## [WHAT THIS TASK INVOLVES]
Repeat the lines below exactly as written, please, from the line with "expected excess. If" to the line with "proof (rule integrableI_bounded_set[where", both lines included, and no others.

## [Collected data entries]
lemma sum_chi_geometric:
  assumes N: "N > 0" and a: "\<bar>a\<bar> < int N"
  shows "(\<Sum>k<N. chi N (a * int k)) = (if a = 0 then of_nat N else 0)"
proof (cases "a = 0")
  case True then show ?thesis by (simp add: chi_def)
next
  case False
  have "chi N a \<noteq> 1"
    using chi_eq_1_imp_dvd[OF N] dvd_imp_le_int[OF False] a by fastforce
  moreover have "chi N a ^ N = 1"
  proof -
    have "chi N a ^ N = chi N (a * int N)" by (simp add: chi_mult_of_nat)
    also have "\<dots> = exp ((2 * of_int a * pi) * \<i>)"
      unfolding chi_def using N by (simp add: field_simps)
    also have "\<dots> = 1" by (rule exp_integer_2pi) simp
    finally show ?thesis .
  qed
  ultimately show ?thesis using False by (simp add: chi_mult_of_nat sum_gp_strict)
qed

lemma ZNd_0: "ZNd N 0 = {\<lambda>_. 0}"
  unfolding ZNd_def by auto

lemma ZNd_Suc: "ZNd N (Suc d) = (\<lambda>(y,k). y(d:=k)) ` (ZNd N d \<times> {..<N})"
proof (intro equalityI subsetI)
  fix x assume x: "x \<in> ZNd N (Suc d)"
  have "x = (\<lambda>(y,k). y(d:=k)) (x(d:=0), x d)" by auto
  moreover have "(x(d:=0), x d) \<in> ZNd N d \<times> {..<N}" using x unfolding ZNd_def by auto
  ultimately show "x \<in> (\<lambda>(y,k). y(d:=k)) ` (ZNd N d \<times> {..<N})" by blast
qed (auto simp: ZNd_def less_Suc_eq)
(* Let $h,b>0$, $\rho=b/(h+b)$ and $0<\alpha\le\min\{1/2,2\rho,2(1-\rho)\}$. Let $\Theta=[-\alpha/20,\alpha/20]$ and for $\theta\in\Theta$ set $l_1(\theta)=\frac{4\rho-\alpha}{16-8\alpha}+\theta$, $l_2(\theta)=l_1(\theta)+\rho/2$, $r_2(\theta)=l_2(\theta)+1/4$, $r_1(\theta)=r_2(\theta)+(1-\rho)/2$, $w_1=2\pi/\rho$, $w_2=2\pi/(1-\rho)$. Define the density $f(x|\theta)=0$ for $x\notin[0,1]$ and, for $x\in[0,1]$: $f(x|\theta)=2-\alpha$ on $[0,l_1(\theta)]\cup[r_1(\theta),1]$; $f(x|\theta)=\alpha$ on $(l_2(\theta),r_2(\theta)]$; $f(x|\theta)=\alpha+(1-\alpha)(\cos(w_1(x-l_1(\theta)))+1)$ on $[l_1(\theta),l_2(\theta)]$; $f(x|\theta)=\alpha+(1-\alpha)(\cos(w_2(r_1(\theta)-x))+1)$ on $[r_2(\theta),r_1(\theta)]$. Let $x_\theta^*$ be the minimizer of $C_\theta(x)=\mathbb{E}_{X\sim f(\cdot|\theta)}[h(x-X)^++b(X-x)^+]$. Then for every $\theta\in\Theta$, $x_\theta^*\in[l_2(\theta),r_2(\theta)]$ and $$x_\theta^*=\frac{\rho}{2}+\frac{4\rho-\alpha}{16-8\alpha}+\frac18-\left(\frac2\alpha-2\right)\theta.$$
   Context: For linear overage cost $h$ and underage cost $b$, the minimizer of the expected cost is the $\rho$-quantile of the demand distribution. *)

theory Defs
  imports "HOL-Analysis.Analysis"
begin

definition l1 :: "real \<Rightarrow> real \<Rightarrow> real \<Rightarrow> real" where
  "l1 \<rho> \<alpha> \<theta> = (4*\<rho> - \<alpha>) / (16 - 8*\<alpha>) + \<theta>"

definition l2 :: "real \<Rightarrow> real \<Rightarrow> real \<Rightarrow> real" where
  "l2 \<rho> \<alpha> \<theta> = l1 \<rho> \<alpha> \<theta> + \<rho>/2"

definition r2 :: "real \<Rightarrow> real \<Rightarrow> real \<Rightarrow> real" where
  "r2 \<rho> \<alpha> \<theta> = l2 \<rho> \<alpha> \<theta> + 1/4"

definition r1 :: "real \<Rightarrow> real \<Rightarrow> real \<Rightarrow> real" where
  "r1 \<rho> \<alpha> \<theta> = r2 \<rho> \<alpha> \<theta> + (1-\<rho>)/2"

definition w1 :: "real \<Rightarrow> real" where "w1 \<rho> = 2*pi/\<rho>"
definition w2 :: "real \<Rightarrow> real" where "w2 \<rho> = 2*pi/(1-\<rho>)"

text \<open>The density f(x|theta); the pieces agree at the shared endpoints.\<close>
definition dens :: "real \<Rightarrow> real \<Rightarrow> real \<Rightarrow> real \<Rightarrow> real" where
  "dens \<rho> \<alpha> \<theta> x =
    (if x < 0 \<or> x > 1 then 0
     else if x \<le> l1 \<rho> \<alpha> \<theta> then 2 - \<alpha>
     else if r1 \<rho> \<alpha> \<theta> \<le> x then 2 - \<alpha>
     else if x \<le> l2 \<rho> \<alpha> \<theta> then \<alpha> + (1-\<alpha>) * (cos (w1 \<rho> * (x - l1 \<rho> \<alpha> \<theta>)) + 1)
     else if x \<le> r2 \<rho> \<alpha> \<theta> then \<alpha>
     else \<alpha> + (1-\<alpha>) * (cos (w2 \<rho> * (r1 \<rho> \<alpha> \<theta> - x)) + 1))"

definition cost :: "real \<Rightarrow> real \<Rightarrow> real \<Rightarrow> real \<Rightarrow> real \<Rightarrow> real \<Rightarrow> real" where
  "cost h b \<rho> \<alpha> \<theta> x =
    (LINT X|lborel. dens \<rho> \<alpha> \<theta> X * (h * max (x - X) 0 + b * max (X - x) 0))"

end

theory Submission
  imports Defs
begin

text \<open>Writing the loss at order quantity y as its linearisation at x plus a nonnegative excess,
  C(y) - C(x) = (y - x)((h + b) F(x) - b) + (h + b) E, where F is the demand CDF and E is the
  expected excess. If F(x) = \<rho> = b/(h + b) the first term vanishes, and E > 0 for y \<noteq> x as soon
  as the density is bounded below near x. For f(.|\<theta>) the cosine bump on [l1, l2] integrates to
  its length \<rho>/2 over a half period, so F(x) = (2 - \<alpha>) l1 + \<rho>/2 + \<alpha> (x - l2) on [l2, r2], and
  this equals \<rho> exactly at the stated point.\<close>

definition nv_loss :: "real \<Rightarrow> real \<Rightarrow> real \<Rightarrow> real \<Rightarrow> real" where
  "nv_loss h b x X = h * max (x - X) 0 + b * max (X - x) 0"

lemma cost_eq_integral_nv_loss:
  "cost h b \<rho> \<alpha> \<theta> x = (LINT X|lborel. dens \<rho> \<alpha> \<theta> X * nv_loss h b x X)"
  by (simp add: cost_def nv_loss_def)

lemma nv_loss_linearization:
  "nv_loss h b y X = nv_loss h b x X + (y - x) * (if X \<le> x then h else - b)
     + (h + b) * (if X \<le> x then max (X - y) 0 else max (y - X) 0)"
  by (auto simp: nv_loss_def max_def algebra_simps)

lemma abs_nv_loss_le: "\<bar>nv_loss h b y X\<bar> \<le> (\<bar>h\<bar> + \<bar>b\<bar>) * \<bar>y - X\<bar>"
  by (auto simp: nv_loss_def max_def abs_mult distrib_right)

lemma integrable_bounded_density_nv_loss:
  fixes D :: "real \<Rightarrow> real"
  assumes D: "D \<in> borel_measurable lborel" and bounded: "\<And>X. \<bar>D X\<bar> \<le> M"
    and support: "\<And>X. X \<notin> {a..c} \<Longrightarrow> D X = 0"
  shows "integrable lborel (\<lambda>X. D X * nv_loss h b y X)"
proof (rule integrableI_bounded_set[where A = "{a..c}" and B = "M * ((\<bar>h\<bar> + \<bar>b\<bar>) * (\<bar>y\<bar> + \<bar>a\<bar> + \<bar>c\<bar>))"])
  show "(\<lambda>X. D X * nv_loss h b y X) \<in> borel_measurable lborel"
    using D unfolding nv_loss_def by measurable
  show "AE X in lborel. X \<in> {a..c} \<longrightarrow> norm (D X * nv_loss h b y X) \<le> M * ((\<bar>h\<bar> + \<bar>b\<bar>) * (\<bar>y\<bar> + \<bar>a\<bar> + \<bar>c\<bar>))"
  proof (intro AE_I2 impI)
    fix X :: real assume "X \<in> {a..c}"
    then have "(\<bar>h\<bar> + \<bar>b\<bar>) * \<bar>y - X\<bar> \<le> (\<bar>h\<bar> + \<bar>b\<bar>) * (\<bar>y\<bar> + \<bar>a\<bar> + \<bar>c\<bar>)"
      by (intro mult_left_mono) auto
    then have "\<bar>nv_loss h b y X\<bar> \<le> (\<bar>h\<bar> + \<bar>b\<bar>) * (\<bar>y\<bar> + \<bar>a\<bar> + \<bar>c\<bar>)"
      using abs_nv_loss_le[of h b y X] by linarith
    then show "norm (D X * nv_loss h b y X) \<le> M * ((\<bar>h\<bar> + \<bar>b\<bar>) * (\<bar>y\<bar> + \<bar>a\<bar> + \<bar>c\<bar>))"
      using bounded[of X] by (simp add: abs_mult mult_mono)
  qed
  show "AE X in lborel. X \<notin> {a..c} \<longrightarrow> D X * nv_loss h b y X = 0"
    using support by simp
  show "emeasure lborel {a..c} < \<infinity>"
    using emeasure_lborel_cbox_finite[of a c] by simp
qed simp

lemma has_integral_pos_of_lower_bound:
  fixes f :: "real \<Rightarrow> real"
  assumes f: "(f has_integral I) UNIV" and nonneg: "\<And>x. 0 \<le> f x"
    and "p < q" "0 < c" and lower: "\<And>x. x \<in> {p..q} \<Longrightarrow> c \<le> f x"
  shows "0 < I"
proof -
  have "((\<lambda>x. if x \<in> {p..q} then c else 0) has_integral c * (q - p)) UNIV"
    unfolding has_integral_restrict_UNIV
    using has_integral_const_real[of c p q] \<open>p < q\<close> by (simp add: mult.commute)
  then have "c * (q - p) \<le> I"
    by (rule has_integral_le[OF _ f]) (use nonneg lower in auto)
  moreover have "0 < c * (q - p)" using \<open>p < q\<close> \<open>0 < c\<close> by simp
  ultimately show ?thesis by linarith
qed

theorem newsvendor_quantile_unique_minimizer:
  fixes D :: "real \<Rightarrow> real"
  assumes "0 < h" "0 < b"
    and D_nonneg: "\<And>X. 0 \<le> D X"
    and D_total: "(D has_integral 1) UNIV"
    and D_cdf: "(D has_integral b / (h + b)) {..x}"
    and D_lower: "\<And>X. X \<in> {lo..hi} \<Longrightarrow> c \<le> D X" and "0 < c" "lo < x" "x < hi"
    and integrable: "\<And>z. integrable lborel (\<lambda>X. D X * nv_loss h b z X)"
    and "y \<noteq> x"
  shows "(LINT X|lborel. D X * nv_loss h b x X) < (LINT X|lborel. D X * nv_loss h b y X)"
proof -
  define C where "C z = (LINT X|lborel. D X * nv_loss h b z X)" for z
  define E where "E X = (if X \<le> x then max (X - y) 0 else max (y - X) 0)" for X
  have C: "((\<lambda>X. D X * nv_loss h b z X) has_integral C z) UNIV" for z
    unfolding C_def by (rule has_integral_integral_lborel[OF integrable])
  have "((\<lambda>X. (h + b) * (if X \<in> {..x} then D X else 0) - b * D X)
      has_integral (h + b) * (b / (h + b)) - b * 1) UNIV"
    using has_integral_restrict_UNIV[THEN iffD2, OF D_cdf] D_total
    by (intro has_integral_diff has_integral_mult_right)
  moreover have "(h + b) * (b / (h + b)) - b * 1 = 0" using assms(1,2) by simp
  moreover have "(\<lambda>X. (h + b) * (if X \<in> {..x} then D X else 0) - b * D X)
      = (\<lambda>X. D X * (if X \<le> x then h else - b))"
    by (auto simp: algebra_simps)
  ultimately have slope: "((\<lambda>X. D X * (if X \<le> x then h else - b)) has_integral 0) UNIV"
    by simp
  have "((\<lambda>X. D X * nv_loss h b y X - D X * nv_loss h b x X - (y - x) * (D X * (if X \<le> x then h else - b)))
      has_integral C y - C x - (y - x) * 0) UNIV"
    by (intro has_integral_diff C has_integral_mult_right slope)
  then have excess: "((\<lambda>X. (h + b) * (D X * E X)) has_integral C y - C x) UNIV"
    by (simp add: nv_loss_linearization[of h b y _ x] E_def algebra_simps)
  define \<delta> where "\<delta> = min \<bar>y - x\<bar> (min (x - lo) (hi - x))"
  have \<delta>: "0 < \<delta>" "\<delta> \<le> \<bar>y - x\<bar>" "\<delta> \<le> x - lo" "\<delta> \<le> hi - x"
    using \<open>y \<noteq> x\<close> \<open>lo < x\<close> \<open>x < hi\<close> by (auto simp: \<delta>_def)
  obtain p q where "p < q" "{p..q} \<subseteq> {lo..hi}" and E_lower: "\<And>X. X \<in> {p..q} \<Longrightarrow> \<delta>/2 \<le> E X"
  proof (cases "x < y")
    case True
    then show ?thesis using \<delta>
      by (intro that[of "x + \<delta>/4" "x + \<delta>/2"]) (auto simp: E_def le_max_iff_disj)
  next
    case False
    then show ?thesis using \<delta> \<open>y \<noteq> x\<close>
      by (intro that[of "x - \<delta>/2" "x - \<delta>/4"]) (auto simp: E_def le_max_iff_disj)
  qed
  have "0 < C y - C x"
  proof (rule has_integral_pos_of_lower_bound[OF excess _ \<open>p < q\<close>])
    show "0 \<le> (h + b) * (D X * E X)" for X
      using assms(1,2) D_nonneg[of X] by (simp add: E_def)
    show "0 < (h + b) * (c * (\<delta>/2))" using assms(1,2) \<open>0 < c\<close> \<open>0 < \<delta>\<close> by simp
    show "(h + b) * (c * (\<delta>/2)) \<le> (h + b) * (D X * E X)" if "X \<in> {p..q}" for X
      using D_lower[of X] E_lower[OF that] \<open>{p..q} \<subseteq> {lo..hi}\<close> that assms(1,2) \<open>0 < c\<close> \<open>0 < \<delta>\<close>
      by (intro mult_left_mono mult_mono) auto
  qed
  then show ?thesis unfolding C_def by simp
qed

## [TASK SOLUTION]
  expected excess. If F(x) = \<rho> = b/(h + b) the first term vanishes, and E > 0 for y \<noteq> x as soon
  as the density is bounded below near x. For f(.|\<theta>) the cosine bump on [l1, l2] integrates to
  its length \<rho>/2 over a half period, so F(x) = (2 - \<alpha>) l1 + \<rho>/2 + \<alpha> (x - l2) on [l2, r2], and
  this equals \<rho> exactly at the stated point.\<close>

definition nv_loss :: "real \<Rightarrow> real \<Rightarrow> real \<Rightarrow> real \<Rightarrow> real" where
  "nv_loss h b x X = h * max (x - X) 0 + b * max (X - x) 0"

lemma cost_eq_integral_nv_loss:
  "cost h b \<rho> \<alpha> \<theta> x = (LINT X|lborel. dens \<rho> \<alpha> \<theta> X * nv_loss h b x X)"
  by (simp add: cost_def nv_loss_def)

lemma nv_loss_linearization:
  "nv_loss h b y X = nv_loss h b x X + (y - x) * (if X \<le> x then h else - b)
     + (h + b) * (if X \<le> x then max (X - y) 0 else max (y - X) 0)"
  by (auto simp: nv_loss_def max_def algebra_simps)

lemma abs_nv_loss_le: "\<bar>nv_loss h b y X\<bar> \<le> (\<bar>h\<bar> + \<bar>b\<bar>) * \<bar>y - X\<bar>"
  by (auto simp: nv_loss_def max_def abs_mult distrib_right)

lemma integrable_bounded_density_nv_loss:
  fixes D :: "real \<Rightarrow> real"
  assumes D: "D \<in> borel_measurable lborel" and bounded: "\<And>X. \<bar>D X\<bar> \<le> M"
    and support: "\<And>X. X \<notin> {a..c} \<Longrightarrow> D X = 0"
  shows "integrable lborel (\<lambda>X. D X * nv_loss h b y X)"
proof (rule integrableI_bounded_set[where A = "{a..c}" and B = "M * ((\<bar>h\<bar> + \<bar>b\<bar>) * (\<bar>y\<bar> + \<bar>a\<bar> + \<bar>c\<bar>))"])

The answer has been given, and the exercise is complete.